• **Aim of the task**
For this exercise, copy each line of the records that contains the word "where".

• **Records supplied**

>>>>>

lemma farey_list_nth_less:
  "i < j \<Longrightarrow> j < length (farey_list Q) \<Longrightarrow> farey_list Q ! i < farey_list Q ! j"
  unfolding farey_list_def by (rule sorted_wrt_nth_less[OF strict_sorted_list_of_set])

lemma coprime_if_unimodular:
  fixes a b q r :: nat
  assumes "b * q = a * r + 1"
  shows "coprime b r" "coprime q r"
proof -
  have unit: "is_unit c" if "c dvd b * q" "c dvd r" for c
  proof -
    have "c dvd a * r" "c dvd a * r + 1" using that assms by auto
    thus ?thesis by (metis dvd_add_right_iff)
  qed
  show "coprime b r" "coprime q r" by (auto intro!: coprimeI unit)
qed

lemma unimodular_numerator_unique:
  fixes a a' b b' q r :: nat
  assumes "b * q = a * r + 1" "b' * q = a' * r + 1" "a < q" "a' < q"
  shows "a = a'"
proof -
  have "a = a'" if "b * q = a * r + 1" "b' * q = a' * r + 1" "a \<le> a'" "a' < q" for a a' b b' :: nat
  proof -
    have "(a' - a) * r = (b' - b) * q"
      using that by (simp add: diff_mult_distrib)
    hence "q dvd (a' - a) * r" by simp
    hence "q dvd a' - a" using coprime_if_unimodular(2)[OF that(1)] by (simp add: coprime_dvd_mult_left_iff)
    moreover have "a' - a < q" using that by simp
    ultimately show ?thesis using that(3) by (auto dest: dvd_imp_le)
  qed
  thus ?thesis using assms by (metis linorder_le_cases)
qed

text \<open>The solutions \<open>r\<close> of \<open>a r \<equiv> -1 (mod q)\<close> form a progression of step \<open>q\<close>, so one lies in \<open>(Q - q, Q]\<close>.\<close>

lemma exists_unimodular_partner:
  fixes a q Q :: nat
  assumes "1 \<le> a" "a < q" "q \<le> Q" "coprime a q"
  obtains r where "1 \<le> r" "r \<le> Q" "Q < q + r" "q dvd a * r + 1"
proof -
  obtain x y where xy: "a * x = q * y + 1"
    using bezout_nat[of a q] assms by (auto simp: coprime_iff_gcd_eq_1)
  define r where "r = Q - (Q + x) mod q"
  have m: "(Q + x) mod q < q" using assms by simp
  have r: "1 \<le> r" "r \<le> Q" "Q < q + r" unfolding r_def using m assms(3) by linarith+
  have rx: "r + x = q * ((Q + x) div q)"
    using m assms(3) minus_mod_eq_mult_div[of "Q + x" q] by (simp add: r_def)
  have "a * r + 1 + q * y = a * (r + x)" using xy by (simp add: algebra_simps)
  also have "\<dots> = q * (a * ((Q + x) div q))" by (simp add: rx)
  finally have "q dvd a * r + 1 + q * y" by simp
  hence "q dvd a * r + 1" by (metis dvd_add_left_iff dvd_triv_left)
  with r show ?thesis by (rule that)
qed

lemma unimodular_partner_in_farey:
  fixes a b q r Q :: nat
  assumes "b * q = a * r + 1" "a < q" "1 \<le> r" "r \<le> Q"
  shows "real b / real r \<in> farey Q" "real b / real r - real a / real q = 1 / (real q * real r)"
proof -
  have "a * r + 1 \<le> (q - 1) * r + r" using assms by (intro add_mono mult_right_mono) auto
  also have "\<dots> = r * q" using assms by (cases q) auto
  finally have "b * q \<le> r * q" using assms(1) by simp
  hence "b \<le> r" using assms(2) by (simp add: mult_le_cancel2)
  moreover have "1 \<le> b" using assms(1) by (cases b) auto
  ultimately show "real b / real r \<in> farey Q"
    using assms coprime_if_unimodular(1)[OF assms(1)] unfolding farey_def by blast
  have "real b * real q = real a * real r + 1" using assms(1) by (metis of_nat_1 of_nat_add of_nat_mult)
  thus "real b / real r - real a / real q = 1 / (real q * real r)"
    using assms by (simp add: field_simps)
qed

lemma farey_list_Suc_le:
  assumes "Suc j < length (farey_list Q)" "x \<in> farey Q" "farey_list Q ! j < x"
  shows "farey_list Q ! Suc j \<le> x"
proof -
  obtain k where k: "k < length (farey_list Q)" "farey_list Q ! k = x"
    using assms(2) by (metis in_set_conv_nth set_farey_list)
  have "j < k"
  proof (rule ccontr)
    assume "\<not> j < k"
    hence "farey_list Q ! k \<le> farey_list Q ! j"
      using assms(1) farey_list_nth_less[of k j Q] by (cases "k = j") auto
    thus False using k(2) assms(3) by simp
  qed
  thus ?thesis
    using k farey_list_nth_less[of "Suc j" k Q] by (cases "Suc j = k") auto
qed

<<<<<

• **Solution to this task**
  obtains r where "1 \<le> r" "r \<le> Q" "Q < q + r" "q dvd a * r + 1"
  obtain x y where xy: "a * x = q * y + 1"
  define r where "r = Q - (Q + x) mod q"
  obtain k where k: "k < length (farey_list Q)" "farey_list Q ! k = x"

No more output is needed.